## Dataset records
══════════
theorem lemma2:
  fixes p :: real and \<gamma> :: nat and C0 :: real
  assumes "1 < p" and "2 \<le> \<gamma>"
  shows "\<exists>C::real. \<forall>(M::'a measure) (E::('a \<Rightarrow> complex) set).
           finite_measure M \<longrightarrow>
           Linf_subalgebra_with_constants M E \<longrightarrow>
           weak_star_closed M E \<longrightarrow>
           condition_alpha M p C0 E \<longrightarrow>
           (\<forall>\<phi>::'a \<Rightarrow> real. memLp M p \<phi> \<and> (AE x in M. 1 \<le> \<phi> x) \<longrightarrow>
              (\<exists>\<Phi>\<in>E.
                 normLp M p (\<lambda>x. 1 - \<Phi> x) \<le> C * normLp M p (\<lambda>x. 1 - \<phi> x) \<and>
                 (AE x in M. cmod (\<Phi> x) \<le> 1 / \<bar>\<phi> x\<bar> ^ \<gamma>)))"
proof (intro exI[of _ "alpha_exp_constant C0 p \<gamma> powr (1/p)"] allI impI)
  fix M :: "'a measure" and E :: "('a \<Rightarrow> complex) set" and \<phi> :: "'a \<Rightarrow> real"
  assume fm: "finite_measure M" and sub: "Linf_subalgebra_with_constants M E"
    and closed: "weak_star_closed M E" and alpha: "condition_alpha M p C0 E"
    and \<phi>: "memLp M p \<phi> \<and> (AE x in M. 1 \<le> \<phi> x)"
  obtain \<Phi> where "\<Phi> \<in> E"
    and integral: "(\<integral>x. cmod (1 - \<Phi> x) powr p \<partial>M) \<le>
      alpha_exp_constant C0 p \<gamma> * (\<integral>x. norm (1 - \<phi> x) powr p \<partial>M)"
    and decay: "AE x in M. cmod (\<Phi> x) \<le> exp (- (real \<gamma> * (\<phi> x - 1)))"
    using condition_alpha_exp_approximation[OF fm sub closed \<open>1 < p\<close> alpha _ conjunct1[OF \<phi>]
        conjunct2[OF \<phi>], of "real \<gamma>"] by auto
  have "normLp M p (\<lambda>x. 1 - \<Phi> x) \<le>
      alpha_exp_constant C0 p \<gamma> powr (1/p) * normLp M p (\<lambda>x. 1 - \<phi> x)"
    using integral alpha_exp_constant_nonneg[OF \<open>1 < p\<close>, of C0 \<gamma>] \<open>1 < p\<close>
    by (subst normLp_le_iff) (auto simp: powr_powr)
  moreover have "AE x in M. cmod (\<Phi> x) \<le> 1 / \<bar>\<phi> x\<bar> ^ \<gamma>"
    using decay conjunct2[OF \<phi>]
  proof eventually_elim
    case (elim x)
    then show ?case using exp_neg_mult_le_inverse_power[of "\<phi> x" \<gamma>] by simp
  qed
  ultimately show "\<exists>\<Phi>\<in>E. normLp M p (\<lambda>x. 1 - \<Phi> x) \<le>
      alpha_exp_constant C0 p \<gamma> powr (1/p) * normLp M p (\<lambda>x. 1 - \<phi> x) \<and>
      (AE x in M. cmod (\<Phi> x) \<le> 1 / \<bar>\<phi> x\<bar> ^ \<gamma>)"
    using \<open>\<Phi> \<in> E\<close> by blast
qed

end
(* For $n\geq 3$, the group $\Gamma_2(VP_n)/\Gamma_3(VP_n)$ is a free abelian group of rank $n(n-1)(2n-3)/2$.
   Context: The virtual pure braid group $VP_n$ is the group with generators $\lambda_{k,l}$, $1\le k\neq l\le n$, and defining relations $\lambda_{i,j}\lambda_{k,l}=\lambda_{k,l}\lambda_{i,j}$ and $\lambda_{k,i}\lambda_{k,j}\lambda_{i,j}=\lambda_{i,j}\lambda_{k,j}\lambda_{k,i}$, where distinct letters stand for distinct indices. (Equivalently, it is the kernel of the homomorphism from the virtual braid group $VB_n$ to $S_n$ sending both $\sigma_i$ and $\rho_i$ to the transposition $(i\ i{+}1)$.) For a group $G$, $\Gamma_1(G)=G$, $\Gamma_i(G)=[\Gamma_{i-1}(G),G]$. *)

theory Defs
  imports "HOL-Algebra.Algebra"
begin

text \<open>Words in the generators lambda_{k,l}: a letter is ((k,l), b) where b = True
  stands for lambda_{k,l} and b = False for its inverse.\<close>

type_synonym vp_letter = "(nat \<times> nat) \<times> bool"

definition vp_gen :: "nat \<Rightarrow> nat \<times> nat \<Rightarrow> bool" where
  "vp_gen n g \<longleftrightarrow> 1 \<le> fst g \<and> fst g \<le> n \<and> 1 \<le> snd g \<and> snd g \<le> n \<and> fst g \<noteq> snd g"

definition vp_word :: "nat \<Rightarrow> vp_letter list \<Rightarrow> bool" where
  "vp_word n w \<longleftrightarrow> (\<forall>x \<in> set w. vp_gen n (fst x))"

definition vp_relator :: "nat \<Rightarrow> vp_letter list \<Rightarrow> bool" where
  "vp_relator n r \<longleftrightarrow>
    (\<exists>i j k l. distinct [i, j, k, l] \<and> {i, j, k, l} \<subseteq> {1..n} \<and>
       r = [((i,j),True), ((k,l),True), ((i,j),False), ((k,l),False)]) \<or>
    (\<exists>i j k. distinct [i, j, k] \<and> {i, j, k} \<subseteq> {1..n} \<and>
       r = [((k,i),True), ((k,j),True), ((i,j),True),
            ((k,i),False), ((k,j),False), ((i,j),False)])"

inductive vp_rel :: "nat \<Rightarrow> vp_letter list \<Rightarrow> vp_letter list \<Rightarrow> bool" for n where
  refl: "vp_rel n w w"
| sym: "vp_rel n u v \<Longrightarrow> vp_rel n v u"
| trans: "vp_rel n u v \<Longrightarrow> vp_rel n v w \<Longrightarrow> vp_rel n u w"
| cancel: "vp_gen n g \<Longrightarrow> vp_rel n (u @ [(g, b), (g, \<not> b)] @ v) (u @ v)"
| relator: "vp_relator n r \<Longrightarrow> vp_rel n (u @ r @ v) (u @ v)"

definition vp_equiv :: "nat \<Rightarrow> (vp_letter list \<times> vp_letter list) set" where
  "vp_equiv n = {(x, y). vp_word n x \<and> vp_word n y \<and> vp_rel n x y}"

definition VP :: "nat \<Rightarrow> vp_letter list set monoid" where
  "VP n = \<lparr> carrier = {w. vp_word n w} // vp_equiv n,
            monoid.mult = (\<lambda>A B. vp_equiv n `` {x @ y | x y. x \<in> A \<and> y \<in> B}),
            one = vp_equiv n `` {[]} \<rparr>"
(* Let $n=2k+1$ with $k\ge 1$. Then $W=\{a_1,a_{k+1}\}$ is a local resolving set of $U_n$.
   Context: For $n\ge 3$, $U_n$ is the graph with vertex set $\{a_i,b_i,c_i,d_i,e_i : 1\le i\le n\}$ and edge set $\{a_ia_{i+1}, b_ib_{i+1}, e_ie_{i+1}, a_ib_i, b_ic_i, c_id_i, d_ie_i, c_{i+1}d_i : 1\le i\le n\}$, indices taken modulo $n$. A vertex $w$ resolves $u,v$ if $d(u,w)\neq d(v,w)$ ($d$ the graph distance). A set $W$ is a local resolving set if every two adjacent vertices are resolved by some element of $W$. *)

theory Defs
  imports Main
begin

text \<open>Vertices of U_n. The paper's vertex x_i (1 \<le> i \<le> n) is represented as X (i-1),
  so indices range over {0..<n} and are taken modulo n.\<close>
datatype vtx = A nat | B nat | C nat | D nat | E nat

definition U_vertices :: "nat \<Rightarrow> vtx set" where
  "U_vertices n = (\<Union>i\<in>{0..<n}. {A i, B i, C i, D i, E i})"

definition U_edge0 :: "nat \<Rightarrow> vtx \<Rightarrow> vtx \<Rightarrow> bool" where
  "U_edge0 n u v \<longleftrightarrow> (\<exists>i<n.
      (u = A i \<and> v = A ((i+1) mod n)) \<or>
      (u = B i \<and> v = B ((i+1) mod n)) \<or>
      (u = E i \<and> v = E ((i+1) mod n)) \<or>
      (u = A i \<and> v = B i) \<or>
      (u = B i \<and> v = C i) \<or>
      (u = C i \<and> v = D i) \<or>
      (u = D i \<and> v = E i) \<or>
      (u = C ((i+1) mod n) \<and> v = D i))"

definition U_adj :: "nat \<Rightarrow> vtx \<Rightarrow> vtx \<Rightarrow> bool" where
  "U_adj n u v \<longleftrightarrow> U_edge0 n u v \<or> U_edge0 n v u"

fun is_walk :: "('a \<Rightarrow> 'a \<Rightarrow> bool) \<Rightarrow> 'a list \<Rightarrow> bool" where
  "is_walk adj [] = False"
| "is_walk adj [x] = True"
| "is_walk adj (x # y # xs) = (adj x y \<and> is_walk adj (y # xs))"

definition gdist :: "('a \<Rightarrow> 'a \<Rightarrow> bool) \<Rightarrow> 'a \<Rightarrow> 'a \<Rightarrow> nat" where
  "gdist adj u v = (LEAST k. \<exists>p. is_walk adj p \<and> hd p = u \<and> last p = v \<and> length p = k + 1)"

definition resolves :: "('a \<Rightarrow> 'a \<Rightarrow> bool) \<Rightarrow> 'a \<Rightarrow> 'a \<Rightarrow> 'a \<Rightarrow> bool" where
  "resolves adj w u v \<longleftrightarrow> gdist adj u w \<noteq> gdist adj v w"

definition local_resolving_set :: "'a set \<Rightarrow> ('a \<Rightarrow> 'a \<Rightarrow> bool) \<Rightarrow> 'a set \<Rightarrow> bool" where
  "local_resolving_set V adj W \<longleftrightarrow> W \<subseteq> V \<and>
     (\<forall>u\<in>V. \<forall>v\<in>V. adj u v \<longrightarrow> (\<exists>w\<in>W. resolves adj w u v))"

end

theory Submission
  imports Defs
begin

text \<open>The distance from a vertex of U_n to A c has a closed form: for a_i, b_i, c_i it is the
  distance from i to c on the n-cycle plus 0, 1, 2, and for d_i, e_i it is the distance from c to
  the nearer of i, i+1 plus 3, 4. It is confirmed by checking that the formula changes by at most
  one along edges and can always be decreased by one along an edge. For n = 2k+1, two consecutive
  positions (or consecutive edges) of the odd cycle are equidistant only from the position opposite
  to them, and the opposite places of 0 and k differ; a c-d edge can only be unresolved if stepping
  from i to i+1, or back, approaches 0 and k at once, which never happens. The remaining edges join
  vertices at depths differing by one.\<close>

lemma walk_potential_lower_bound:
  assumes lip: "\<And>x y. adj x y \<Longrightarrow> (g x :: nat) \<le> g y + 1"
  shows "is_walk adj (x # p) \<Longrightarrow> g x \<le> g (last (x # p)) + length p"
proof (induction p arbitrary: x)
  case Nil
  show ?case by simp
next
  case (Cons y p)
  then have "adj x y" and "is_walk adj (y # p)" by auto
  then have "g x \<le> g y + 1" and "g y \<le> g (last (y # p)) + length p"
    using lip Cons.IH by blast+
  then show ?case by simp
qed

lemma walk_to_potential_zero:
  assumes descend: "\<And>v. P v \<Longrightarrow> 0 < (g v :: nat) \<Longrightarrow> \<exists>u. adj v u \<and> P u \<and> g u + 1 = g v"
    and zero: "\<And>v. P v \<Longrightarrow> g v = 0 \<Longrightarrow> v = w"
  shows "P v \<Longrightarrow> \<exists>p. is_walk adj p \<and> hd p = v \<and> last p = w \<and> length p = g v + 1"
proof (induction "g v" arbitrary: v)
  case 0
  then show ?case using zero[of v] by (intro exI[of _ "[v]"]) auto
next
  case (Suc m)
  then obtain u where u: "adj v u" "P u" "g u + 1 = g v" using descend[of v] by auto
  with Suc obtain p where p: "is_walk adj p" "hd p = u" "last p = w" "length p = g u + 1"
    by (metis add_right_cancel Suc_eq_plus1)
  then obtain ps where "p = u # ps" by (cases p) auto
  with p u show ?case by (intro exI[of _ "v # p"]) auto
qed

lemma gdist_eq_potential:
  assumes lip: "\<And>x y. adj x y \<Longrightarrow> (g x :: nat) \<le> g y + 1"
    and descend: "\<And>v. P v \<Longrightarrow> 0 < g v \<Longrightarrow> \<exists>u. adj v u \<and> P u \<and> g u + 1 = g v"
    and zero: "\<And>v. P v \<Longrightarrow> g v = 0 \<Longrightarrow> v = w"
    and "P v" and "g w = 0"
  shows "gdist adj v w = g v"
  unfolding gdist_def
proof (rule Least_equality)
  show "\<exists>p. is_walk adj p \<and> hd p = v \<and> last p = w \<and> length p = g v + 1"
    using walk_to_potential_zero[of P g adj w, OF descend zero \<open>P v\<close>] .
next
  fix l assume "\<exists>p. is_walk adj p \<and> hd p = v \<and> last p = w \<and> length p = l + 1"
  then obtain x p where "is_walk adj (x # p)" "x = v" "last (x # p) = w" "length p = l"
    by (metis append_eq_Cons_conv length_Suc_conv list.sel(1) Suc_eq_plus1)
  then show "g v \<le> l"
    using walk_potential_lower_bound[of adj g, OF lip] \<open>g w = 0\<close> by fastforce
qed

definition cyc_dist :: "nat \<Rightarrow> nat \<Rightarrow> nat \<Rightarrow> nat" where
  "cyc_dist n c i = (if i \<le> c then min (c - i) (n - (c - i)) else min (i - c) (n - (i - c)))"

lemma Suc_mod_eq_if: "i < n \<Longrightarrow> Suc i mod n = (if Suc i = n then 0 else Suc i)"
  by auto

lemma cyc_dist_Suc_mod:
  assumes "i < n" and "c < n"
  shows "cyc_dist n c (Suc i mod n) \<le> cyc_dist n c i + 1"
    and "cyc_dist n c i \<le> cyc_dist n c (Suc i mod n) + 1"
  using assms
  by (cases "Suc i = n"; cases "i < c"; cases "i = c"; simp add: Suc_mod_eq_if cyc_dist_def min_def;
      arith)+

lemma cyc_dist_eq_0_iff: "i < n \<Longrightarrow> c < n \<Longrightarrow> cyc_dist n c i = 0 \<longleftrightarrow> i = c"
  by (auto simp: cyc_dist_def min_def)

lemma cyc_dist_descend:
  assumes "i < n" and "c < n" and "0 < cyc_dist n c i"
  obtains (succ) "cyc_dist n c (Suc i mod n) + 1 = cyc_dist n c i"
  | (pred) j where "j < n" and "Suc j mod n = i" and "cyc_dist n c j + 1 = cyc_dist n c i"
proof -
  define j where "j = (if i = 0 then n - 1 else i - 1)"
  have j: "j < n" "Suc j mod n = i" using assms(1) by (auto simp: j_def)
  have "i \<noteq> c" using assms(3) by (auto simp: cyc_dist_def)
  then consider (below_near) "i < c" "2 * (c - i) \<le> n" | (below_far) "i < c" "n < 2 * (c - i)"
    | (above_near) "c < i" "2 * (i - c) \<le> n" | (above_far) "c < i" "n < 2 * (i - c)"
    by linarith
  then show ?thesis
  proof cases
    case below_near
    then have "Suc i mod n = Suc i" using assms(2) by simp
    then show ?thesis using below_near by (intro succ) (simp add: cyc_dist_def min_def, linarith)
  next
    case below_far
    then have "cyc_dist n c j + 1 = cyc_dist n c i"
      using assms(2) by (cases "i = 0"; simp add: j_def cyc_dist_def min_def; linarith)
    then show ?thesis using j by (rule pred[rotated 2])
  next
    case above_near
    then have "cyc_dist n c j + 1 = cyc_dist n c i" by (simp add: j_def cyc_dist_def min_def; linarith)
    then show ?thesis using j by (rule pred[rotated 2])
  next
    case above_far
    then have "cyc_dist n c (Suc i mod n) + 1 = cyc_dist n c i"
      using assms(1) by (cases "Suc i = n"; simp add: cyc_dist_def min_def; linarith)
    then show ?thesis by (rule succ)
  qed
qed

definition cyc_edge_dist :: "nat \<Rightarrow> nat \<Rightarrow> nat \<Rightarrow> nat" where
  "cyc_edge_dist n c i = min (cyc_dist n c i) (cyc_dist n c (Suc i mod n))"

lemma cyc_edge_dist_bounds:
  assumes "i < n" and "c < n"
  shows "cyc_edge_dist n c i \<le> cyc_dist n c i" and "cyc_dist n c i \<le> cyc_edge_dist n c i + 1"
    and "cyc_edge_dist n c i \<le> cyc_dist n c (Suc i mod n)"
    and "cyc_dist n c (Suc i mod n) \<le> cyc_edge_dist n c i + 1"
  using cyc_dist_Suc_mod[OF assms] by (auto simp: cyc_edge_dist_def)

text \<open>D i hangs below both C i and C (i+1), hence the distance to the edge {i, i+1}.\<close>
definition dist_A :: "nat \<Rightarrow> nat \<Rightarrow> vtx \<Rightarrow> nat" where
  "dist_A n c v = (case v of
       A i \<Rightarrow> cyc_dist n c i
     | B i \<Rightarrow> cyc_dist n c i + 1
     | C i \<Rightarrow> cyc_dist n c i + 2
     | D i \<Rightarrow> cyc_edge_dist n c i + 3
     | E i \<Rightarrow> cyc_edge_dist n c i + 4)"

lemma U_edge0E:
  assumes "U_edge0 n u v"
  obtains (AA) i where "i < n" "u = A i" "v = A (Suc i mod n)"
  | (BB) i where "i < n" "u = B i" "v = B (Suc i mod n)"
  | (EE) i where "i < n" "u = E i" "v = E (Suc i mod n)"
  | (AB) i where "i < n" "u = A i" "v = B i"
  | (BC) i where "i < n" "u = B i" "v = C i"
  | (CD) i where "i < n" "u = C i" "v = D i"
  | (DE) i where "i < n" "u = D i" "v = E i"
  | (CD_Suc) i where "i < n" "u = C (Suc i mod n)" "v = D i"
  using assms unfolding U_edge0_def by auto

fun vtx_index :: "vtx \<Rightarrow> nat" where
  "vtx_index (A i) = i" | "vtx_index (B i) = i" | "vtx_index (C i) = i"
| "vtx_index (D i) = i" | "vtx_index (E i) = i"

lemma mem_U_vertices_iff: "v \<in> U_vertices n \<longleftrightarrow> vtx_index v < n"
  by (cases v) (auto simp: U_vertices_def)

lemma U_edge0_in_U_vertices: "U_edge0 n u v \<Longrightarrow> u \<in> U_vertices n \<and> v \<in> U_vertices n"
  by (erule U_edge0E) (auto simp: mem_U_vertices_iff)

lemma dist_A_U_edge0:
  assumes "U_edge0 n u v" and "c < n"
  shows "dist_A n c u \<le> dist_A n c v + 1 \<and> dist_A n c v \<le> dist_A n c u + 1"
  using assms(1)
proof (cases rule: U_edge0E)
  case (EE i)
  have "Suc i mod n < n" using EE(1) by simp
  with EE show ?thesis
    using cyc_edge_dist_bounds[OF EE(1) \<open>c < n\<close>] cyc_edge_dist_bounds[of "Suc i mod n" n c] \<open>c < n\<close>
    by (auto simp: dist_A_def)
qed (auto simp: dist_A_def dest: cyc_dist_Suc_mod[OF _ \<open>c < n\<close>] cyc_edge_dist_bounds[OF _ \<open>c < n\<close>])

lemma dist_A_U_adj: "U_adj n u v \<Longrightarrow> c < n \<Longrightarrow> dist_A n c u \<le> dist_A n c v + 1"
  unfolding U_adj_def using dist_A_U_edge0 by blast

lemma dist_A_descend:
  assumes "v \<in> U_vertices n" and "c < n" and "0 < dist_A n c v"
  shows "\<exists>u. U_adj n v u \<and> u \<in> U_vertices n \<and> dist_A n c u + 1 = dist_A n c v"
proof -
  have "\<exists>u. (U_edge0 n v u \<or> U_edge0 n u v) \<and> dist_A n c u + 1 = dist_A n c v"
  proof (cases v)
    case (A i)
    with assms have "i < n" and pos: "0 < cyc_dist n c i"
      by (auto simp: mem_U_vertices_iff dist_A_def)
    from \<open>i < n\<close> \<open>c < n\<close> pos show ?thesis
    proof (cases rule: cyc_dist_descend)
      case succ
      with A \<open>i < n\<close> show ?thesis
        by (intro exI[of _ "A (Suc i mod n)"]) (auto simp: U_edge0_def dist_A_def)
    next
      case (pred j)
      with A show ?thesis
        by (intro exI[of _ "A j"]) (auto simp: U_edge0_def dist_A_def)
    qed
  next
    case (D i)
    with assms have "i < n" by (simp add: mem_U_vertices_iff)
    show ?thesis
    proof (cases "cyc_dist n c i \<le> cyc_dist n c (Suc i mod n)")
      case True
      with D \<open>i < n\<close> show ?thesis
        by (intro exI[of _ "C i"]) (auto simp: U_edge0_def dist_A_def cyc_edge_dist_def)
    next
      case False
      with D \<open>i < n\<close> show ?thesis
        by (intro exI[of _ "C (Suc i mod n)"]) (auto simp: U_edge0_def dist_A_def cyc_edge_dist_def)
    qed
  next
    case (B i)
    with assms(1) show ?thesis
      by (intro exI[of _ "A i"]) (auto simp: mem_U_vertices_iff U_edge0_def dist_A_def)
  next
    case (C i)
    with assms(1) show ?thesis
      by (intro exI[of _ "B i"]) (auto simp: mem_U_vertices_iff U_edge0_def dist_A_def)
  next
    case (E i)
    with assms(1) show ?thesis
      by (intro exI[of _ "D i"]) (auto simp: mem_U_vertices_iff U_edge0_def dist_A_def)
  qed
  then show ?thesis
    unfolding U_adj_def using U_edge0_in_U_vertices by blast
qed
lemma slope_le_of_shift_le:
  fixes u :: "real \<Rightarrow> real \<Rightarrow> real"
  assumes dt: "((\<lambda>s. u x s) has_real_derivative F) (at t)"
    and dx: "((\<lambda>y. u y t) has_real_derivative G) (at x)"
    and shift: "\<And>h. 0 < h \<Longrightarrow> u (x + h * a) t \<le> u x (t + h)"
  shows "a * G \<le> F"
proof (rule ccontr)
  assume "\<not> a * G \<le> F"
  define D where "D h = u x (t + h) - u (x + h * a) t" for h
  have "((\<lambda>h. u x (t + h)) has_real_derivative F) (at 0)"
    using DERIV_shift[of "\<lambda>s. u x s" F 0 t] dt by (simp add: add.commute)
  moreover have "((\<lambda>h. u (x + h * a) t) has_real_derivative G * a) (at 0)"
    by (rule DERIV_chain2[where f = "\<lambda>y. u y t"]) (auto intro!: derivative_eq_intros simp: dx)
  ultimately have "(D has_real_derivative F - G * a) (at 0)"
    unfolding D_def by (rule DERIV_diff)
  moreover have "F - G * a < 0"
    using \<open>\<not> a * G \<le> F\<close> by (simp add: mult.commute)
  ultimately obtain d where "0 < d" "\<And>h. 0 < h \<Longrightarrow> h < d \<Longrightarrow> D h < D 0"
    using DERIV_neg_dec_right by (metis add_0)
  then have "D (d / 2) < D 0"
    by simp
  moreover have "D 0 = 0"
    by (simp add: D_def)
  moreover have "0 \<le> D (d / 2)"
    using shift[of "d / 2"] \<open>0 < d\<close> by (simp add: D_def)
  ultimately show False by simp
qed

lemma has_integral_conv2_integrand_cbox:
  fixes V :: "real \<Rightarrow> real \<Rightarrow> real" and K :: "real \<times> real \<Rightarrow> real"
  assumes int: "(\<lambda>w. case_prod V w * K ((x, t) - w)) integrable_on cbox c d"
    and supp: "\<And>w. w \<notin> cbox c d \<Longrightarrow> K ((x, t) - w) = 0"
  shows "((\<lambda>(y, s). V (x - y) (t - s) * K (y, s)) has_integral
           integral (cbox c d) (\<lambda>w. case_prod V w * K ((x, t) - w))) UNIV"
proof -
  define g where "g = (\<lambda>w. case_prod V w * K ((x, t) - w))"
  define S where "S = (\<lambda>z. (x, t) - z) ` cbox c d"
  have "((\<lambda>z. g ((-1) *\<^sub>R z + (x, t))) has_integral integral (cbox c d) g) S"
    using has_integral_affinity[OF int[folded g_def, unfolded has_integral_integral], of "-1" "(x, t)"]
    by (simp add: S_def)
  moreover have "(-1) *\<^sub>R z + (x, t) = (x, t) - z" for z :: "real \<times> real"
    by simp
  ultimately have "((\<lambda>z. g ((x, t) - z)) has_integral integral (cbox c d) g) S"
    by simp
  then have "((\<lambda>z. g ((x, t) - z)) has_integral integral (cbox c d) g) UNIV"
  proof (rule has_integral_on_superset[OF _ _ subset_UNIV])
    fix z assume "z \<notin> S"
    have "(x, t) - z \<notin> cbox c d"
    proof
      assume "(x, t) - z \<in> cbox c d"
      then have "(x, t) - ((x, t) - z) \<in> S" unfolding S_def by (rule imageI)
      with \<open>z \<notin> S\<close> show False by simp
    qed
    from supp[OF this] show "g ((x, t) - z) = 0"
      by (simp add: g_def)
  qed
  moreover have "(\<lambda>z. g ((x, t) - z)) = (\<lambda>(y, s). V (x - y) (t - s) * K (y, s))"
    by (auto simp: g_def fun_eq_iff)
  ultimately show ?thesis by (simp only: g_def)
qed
══════════
## YOUR ASSIGNMENT
Transcribe each line of the data above, unaltered, from the one where "A i \<Rightarrow> cyc_dist n c i" appears to the one where "(BB) i where" appears, inclusive of both.

## SOLUTION BELOW
       A i \<Rightarrow> cyc_dist n c i
     | B i \<Rightarrow> cyc_dist n c i + 1
     | C i \<Rightarrow> cyc_dist n c i + 2
     | D i \<Rightarrow> cyc_edge_dist n c i + 3
     | E i \<Rightarrow> cyc_edge_dist n c i + 4)"

lemma U_edge0E:
  assumes "U_edge0 n u v"
  obtains (AA) i where "i < n" "u = A i" "v = A (Suc i mod n)"
  | (BB) i where "i < n" "u = B i" "v = B (Suc i mod n)"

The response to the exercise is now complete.